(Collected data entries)
(* The relation $\{(\rho,\sigma,\pi):\rho,\sigma,\pi\text{ are total and }|\rho|+|\sigma|=|\pi|\}$ is $\Pi_3$-definable in $\mathbf Y^*=\langle\mathcal P,\le,[1]+[1]\rangle$.
   Context: $\mathcal P$ is the set of all integer partitions, including the empty partition $\emptyset$; a partition is a nonincreasing finite sequence of positive integers (its parts), and $|\pi|$ is the sum of its parts. A partition is total if it has exactly one part; $\emptyset$ also counts as total. Young's lattice $\mathbf Y=\langle\mathcal P,\le\rangle$ has $(s_1,\dots,s_r)\le(n_1,\dots,n_t)$ iff $r\le t$ and $s_i\le n_i$ for all $i\le r$; $\mathbf Y^*$ is $\mathbf Y$ with a constant symbol for the partition $(1,1)$. A relation is $\Pi_n$-definable if it is defined by a first-order formula in the language $\{\le,(1,1)\}$ in prenex form with $n$ alternating quantifier blocks, the outermost universal, and a quantifier-free matrix. *)

theory Defs
  imports Main
begin

definition is_partition :: "nat list \<Rightarrow> bool" where
  "is_partition xs \<longleftrightarrow> sorted_wrt (\<ge>) xs \<and> (\<forall>x\<in>set xs. 0 < x)"

definition psize :: "nat list \<Rightarrow> nat" where
  "psize xs = sum_list xs"

definition total_part :: "nat list \<Rightarrow> bool" where
  "total_part xs \<longleftrightarrow> length xs \<le> 1"

definition young_le :: "nat list \<Rightarrow> nat list \<Rightarrow> bool" where
  "young_le s n \<longleftrightarrow> length s \<le> length n \<and> (\<forall>i<length s. s ! i \<le> n ! i)"

datatype tm = Var nat | C11

datatype fm =
    Le tm tm
  | Eq tm tm
  | Neg fm
  | Conj fm fm
  | Disj fm fm
  | Ex nat fm
  | All nat fm

fun eval_tm :: "(nat \<Rightarrow> nat list) \<Rightarrow> tm \<Rightarrow> nat list" where
  "eval_tm e (Var i) = e i"
| "eval_tm e C11 = [1, 1]"

fun sat :: "(nat \<Rightarrow> nat list) \<Rightarrow> fm \<Rightarrow> bool" where
  "sat e (Le a b) = young_le (eval_tm e a) (eval_tm e b)"
| "sat e (Eq a b) = (eval_tm e a = eval_tm e b)"
| "sat e (Neg f) = (\<not> sat e f)"
| "sat e (Conj f g) = (sat e f \<and> sat e g)"
| "sat e (Disj f g) = (sat e f \<or> sat e g)"
| "sat e (Ex x f) = (\<exists>p. is_partition p \<and> sat (e(x := p)) f)"
| "sat e (All x f) = (\<forall>p. is_partition p \<longrightarrow> sat (e(x := p)) f)"

fun qfree :: "fm \<Rightarrow> bool" where
  "qfree (Le a b) = True"
| "qfree (Eq a b) = True"
| "qfree (Neg f) = qfree f"
| "qfree (Conj f g) = (qfree f \<and> qfree g)"
| "qfree (Disj f g) = (qfree f \<and> qfree g)"
| "qfree (Ex x f) = False"
| "qfree (All x f) = False"

definition Alls :: "nat list \<Rightarrow> fm \<Rightarrow> fm" where
  "Alls xs f = foldr All xs f"

definition Exs :: "nat list \<Rightarrow> fm \<Rightarrow> fm" where
  "Exs xs f = foldr Ex xs f"

inductive pi_fm :: "nat \<Rightarrow> fm \<Rightarrow> bool" and sigma_fm :: "nat \<Rightarrow> fm \<Rightarrow> bool" where
  pi0: "qfree f \<Longrightarrow> pi_fm 0 f"
| sigma0: "qfree f \<Longrightarrow> sigma_fm 0 f"
| piS: "sigma_fm n f \<Longrightarrow> pi_fm (Suc n) (Alls xs f)"
| sigmaS: "pi_fm n f \<Longrightarrow> sigma_fm (Suc n) (Exs xs f)"

definition pi_definable3 :: "nat \<Rightarrow> (nat list \<Rightarrow> nat list \<Rightarrow> nat list \<Rightarrow> bool) \<Rightarrow> bool" where
  "pi_definable3 n R \<longleftrightarrow>
     (\<exists>f. pi_fm n f \<and>
        (\<forall>e. (\<forall>i. is_partition (e i)) \<longrightarrow> (sat e f \<longleftrightarrow> R (e 0) (e 1) (e 2))))"

end

theory Submission
  imports Defs
begin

▸ Exercise: In the records above, the line with "xs \<longleftrightarrow> sorted_wrt" marks the start and the line with "sigma_fm (Suc n)" marks the end; copy that stretch exactly, both lines included, and nothing else.

▸ Expected answer:
  "is_partition xs \<longleftrightarrow> sorted_wrt (\<ge>) xs \<and> (\<forall>x\<in>set xs. 0 < x)"

definition psize :: "nat list \<Rightarrow> nat" where
  "psize xs = sum_list xs"

definition total_part :: "nat list \<Rightarrow> bool" where
  "total_part xs \<longleftrightarrow> length xs \<le> 1"

definition young_le :: "nat list \<Rightarrow> nat list \<Rightarrow> bool" where
  "young_le s n \<longleftrightarrow> length s \<le> length n \<and> (\<forall>i<length s. s ! i \<le> n ! i)"

datatype tm = Var nat | C11

datatype fm =
    Le tm tm
  | Eq tm tm
  | Neg fm
  | Conj fm fm
  | Disj fm fm
  | Ex nat fm
  | All nat fm

fun eval_tm :: "(nat \<Rightarrow> nat list) \<Rightarrow> tm \<Rightarrow> nat list" where
  "eval_tm e (Var i) = e i"
| "eval_tm e C11 = [1, 1]"

fun sat :: "(nat \<Rightarrow> nat list) \<Rightarrow> fm \<Rightarrow> bool" where
  "sat e (Le a b) = young_le (eval_tm e a) (eval_tm e b)"
| "sat e (Eq a b) = (eval_tm e a = eval_tm e b)"
| "sat e (Neg f) = (\<not> sat e f)"
| "sat e (Conj f g) = (sat e f \<and> sat e g)"
| "sat e (Disj f g) = (sat e f \<or> sat e g)"
| "sat e (Ex x f) = (\<exists>p. is_partition p \<and> sat (e(x := p)) f)"
| "sat e (All x f) = (\<forall>p. is_partition p \<longrightarrow> sat (e(x := p)) f)"

fun qfree :: "fm \<Rightarrow> bool" where
  "qfree (Le a b) = True"
| "qfree (Eq a b) = True"
| "qfree (Neg f) = qfree f"
| "qfree (Conj f g) = (qfree f \<and> qfree g)"
| "qfree (Disj f g) = (qfree f \<and> qfree g)"
| "qfree (Ex x f) = False"
| "qfree (All x f) = False"

definition Alls :: "nat list \<Rightarrow> fm \<Rightarrow> fm" where
  "Alls xs f = foldr All xs f"

definition Exs :: "nat list \<Rightarrow> fm \<Rightarrow> fm" where
  "Exs xs f = foldr Ex xs f"

inductive pi_fm :: "nat \<Rightarrow> fm \<Rightarrow> bool" and sigma_fm :: "nat \<Rightarrow> fm \<Rightarrow> bool" where
  pi0: "qfree f \<Longrightarrow> pi_fm 0 f"
| sigma0: "qfree f \<Longrightarrow> sigma_fm 0 f"
| piS: "sigma_fm n f \<Longrightarrow> pi_fm (Suc n) (Alls xs f)"
| sigmaS: "pi_fm n f \<Longrightarrow> sigma_fm (Suc n) (Exs xs f)"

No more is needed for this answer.